*** Begin section ***

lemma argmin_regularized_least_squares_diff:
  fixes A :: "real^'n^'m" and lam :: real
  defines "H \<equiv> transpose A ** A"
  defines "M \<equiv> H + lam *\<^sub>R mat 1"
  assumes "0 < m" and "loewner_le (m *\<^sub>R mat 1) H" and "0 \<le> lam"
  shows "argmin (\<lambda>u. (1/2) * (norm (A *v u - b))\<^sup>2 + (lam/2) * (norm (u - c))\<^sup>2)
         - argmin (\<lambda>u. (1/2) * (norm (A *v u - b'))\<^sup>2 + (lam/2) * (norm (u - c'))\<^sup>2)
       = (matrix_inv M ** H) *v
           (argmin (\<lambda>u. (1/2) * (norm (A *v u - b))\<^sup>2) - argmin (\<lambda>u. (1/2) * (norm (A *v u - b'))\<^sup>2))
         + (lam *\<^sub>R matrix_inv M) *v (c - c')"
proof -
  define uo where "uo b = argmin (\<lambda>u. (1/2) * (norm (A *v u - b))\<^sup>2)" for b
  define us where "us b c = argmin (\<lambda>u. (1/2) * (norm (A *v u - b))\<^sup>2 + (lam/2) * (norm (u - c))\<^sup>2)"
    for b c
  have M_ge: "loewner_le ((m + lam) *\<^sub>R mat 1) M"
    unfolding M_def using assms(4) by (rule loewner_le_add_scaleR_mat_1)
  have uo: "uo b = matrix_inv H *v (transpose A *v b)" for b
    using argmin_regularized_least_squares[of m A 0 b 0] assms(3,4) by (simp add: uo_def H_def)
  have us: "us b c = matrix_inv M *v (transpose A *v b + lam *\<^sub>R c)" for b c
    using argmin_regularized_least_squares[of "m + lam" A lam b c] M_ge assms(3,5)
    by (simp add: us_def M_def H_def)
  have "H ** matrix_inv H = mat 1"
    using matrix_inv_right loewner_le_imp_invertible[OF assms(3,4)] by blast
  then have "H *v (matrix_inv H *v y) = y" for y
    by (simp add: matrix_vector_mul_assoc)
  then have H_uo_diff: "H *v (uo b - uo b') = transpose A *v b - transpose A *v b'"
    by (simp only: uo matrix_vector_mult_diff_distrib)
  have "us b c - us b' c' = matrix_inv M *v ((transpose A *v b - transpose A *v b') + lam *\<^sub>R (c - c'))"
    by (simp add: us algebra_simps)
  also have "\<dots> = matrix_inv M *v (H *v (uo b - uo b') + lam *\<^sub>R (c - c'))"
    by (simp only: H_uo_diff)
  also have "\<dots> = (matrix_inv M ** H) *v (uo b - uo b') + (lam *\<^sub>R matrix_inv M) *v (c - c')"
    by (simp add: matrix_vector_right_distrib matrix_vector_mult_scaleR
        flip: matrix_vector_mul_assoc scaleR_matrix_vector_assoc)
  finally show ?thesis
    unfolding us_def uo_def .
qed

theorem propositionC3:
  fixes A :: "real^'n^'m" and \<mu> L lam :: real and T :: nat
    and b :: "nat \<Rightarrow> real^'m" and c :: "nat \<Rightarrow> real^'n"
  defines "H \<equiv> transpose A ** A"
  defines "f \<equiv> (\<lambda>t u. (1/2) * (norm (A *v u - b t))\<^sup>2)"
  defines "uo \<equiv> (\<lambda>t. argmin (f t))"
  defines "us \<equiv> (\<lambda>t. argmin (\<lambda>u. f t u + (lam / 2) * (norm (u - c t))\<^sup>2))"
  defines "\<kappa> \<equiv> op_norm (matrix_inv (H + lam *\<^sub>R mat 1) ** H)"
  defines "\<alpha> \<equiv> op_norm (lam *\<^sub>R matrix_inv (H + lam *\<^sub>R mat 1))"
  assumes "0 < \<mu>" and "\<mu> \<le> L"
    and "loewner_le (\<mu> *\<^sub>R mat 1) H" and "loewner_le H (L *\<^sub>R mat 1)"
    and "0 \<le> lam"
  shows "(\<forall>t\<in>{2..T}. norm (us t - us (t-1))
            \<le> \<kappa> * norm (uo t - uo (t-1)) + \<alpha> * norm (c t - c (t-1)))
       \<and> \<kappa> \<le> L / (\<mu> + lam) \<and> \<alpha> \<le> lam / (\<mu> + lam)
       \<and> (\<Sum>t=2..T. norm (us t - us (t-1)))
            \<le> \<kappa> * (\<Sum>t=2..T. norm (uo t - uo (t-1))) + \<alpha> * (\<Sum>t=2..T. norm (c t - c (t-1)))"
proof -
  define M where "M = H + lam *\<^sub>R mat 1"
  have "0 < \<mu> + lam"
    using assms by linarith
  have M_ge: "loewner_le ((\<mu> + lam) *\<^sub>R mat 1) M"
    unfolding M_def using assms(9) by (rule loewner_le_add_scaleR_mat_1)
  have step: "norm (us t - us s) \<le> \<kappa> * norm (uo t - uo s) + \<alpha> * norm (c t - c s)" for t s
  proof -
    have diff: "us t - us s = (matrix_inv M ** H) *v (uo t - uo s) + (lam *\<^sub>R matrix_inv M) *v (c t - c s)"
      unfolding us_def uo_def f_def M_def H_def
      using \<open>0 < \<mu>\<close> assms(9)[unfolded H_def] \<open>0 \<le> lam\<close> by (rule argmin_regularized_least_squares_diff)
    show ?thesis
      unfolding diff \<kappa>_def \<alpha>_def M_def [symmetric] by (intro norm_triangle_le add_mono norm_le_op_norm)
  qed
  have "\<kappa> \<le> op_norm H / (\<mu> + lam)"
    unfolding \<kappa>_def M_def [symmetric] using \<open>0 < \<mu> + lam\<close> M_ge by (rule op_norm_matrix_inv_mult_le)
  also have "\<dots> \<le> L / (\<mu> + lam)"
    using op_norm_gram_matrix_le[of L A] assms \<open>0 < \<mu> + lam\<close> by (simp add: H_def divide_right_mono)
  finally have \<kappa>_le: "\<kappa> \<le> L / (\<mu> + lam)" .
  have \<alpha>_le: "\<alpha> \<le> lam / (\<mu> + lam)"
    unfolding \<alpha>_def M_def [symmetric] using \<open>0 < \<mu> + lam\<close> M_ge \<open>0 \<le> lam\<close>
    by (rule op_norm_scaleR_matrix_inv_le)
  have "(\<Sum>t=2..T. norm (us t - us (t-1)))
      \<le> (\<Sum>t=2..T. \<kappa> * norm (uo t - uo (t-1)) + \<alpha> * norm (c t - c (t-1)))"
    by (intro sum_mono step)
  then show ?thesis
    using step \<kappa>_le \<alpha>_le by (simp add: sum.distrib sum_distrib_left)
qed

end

*** End section ***
*** Begin section ***

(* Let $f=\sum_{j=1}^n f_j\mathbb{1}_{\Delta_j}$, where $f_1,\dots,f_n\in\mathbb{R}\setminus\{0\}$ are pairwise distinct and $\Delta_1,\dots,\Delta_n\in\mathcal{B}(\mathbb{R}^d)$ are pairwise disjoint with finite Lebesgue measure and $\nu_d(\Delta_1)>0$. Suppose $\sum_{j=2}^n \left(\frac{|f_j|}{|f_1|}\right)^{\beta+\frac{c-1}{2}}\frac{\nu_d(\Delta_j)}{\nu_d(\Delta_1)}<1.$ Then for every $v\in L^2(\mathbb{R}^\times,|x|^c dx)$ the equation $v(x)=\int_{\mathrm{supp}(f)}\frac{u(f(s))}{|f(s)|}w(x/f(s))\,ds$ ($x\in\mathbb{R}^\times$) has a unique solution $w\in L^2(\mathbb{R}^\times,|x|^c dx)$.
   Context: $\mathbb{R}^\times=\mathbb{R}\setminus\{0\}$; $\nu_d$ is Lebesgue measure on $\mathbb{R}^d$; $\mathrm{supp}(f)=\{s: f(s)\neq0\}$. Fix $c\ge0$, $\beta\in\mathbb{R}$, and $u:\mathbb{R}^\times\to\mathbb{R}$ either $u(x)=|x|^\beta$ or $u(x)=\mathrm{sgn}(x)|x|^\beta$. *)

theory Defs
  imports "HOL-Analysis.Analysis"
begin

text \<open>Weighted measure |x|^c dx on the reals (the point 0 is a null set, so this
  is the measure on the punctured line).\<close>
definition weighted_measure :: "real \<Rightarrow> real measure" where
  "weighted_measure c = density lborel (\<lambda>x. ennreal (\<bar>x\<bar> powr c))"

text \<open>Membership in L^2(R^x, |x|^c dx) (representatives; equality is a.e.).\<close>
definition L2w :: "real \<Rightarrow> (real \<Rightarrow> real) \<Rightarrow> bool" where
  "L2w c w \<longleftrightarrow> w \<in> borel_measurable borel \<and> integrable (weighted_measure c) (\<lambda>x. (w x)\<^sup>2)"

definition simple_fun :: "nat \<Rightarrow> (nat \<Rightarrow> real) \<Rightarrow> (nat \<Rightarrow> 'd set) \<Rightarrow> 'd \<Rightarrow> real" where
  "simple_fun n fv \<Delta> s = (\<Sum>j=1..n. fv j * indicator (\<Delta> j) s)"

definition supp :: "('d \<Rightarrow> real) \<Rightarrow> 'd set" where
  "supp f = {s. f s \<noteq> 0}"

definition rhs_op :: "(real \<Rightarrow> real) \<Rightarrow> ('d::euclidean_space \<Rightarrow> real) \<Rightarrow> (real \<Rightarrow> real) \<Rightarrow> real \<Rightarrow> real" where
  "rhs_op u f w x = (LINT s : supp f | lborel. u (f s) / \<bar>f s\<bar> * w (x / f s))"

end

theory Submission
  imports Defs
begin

*** End section ***

▸ **WHAT NEEDS TO BE DONE**: In the listing above, find the line with "(argmin (\<lambda>u. (1/2)" and the line with "H) *v (uo b". Output those two lines and every line between them, exactly as written.

▸ **EXPECTED ANSWER**:
           (argmin (\<lambda>u. (1/2) * (norm (A *v u - b))\<^sup>2) - argmin (\<lambda>u. (1/2) * (norm (A *v u - b'))\<^sup>2))
         + (lam *\<^sub>R matrix_inv M) *v (c - c')"
proof -
  define uo where "uo b = argmin (\<lambda>u. (1/2) * (norm (A *v u - b))\<^sup>2)" for b
  define us where "us b c = argmin (\<lambda>u. (1/2) * (norm (A *v u - b))\<^sup>2 + (lam/2) * (norm (u - c))\<^sup>2)"
    for b c
  have M_ge: "loewner_le ((m + lam) *\<^sub>R mat 1) M"
    unfolding M_def using assms(4) by (rule loewner_le_add_scaleR_mat_1)
  have uo: "uo b = matrix_inv H *v (transpose A *v b)" for b
    using argmin_regularized_least_squares[of m A 0 b 0] assms(3,4) by (simp add: uo_def H_def)
  have us: "us b c = matrix_inv M *v (transpose A *v b + lam *\<^sub>R c)" for b c
    using argmin_regularized_least_squares[of "m + lam" A lam b c] M_ge assms(3,5)
    by (simp add: us_def M_def H_def)
  have "H ** matrix_inv H = mat 1"
    using matrix_inv_right loewner_le_imp_invertible[OF assms(3,4)] by blast
  then have "H *v (matrix_inv H *v y) = y" for y
    by (simp add: matrix_vector_mul_assoc)
  then have H_uo_diff: "H *v (uo b - uo b') = transpose A *v b - transpose A *v b'"
    by (simp only: uo matrix_vector_mult_diff_distrib)
  have "us b c - us b' c' = matrix_inv M *v ((transpose A *v b - transpose A *v b') + lam *\<^sub>R (c - c'))"
    by (simp add: us algebra_simps)
  also have "\<dots> = matrix_inv M *v (H *v (uo b - uo b') + lam *\<^sub>R (c - c'))"
    by (simp only: H_uo_diff)
  also have "\<dots> = (matrix_inv M ** H) *v (uo b - uo b') + (lam *\<^sub>R matrix_inv M) *v (c - c')"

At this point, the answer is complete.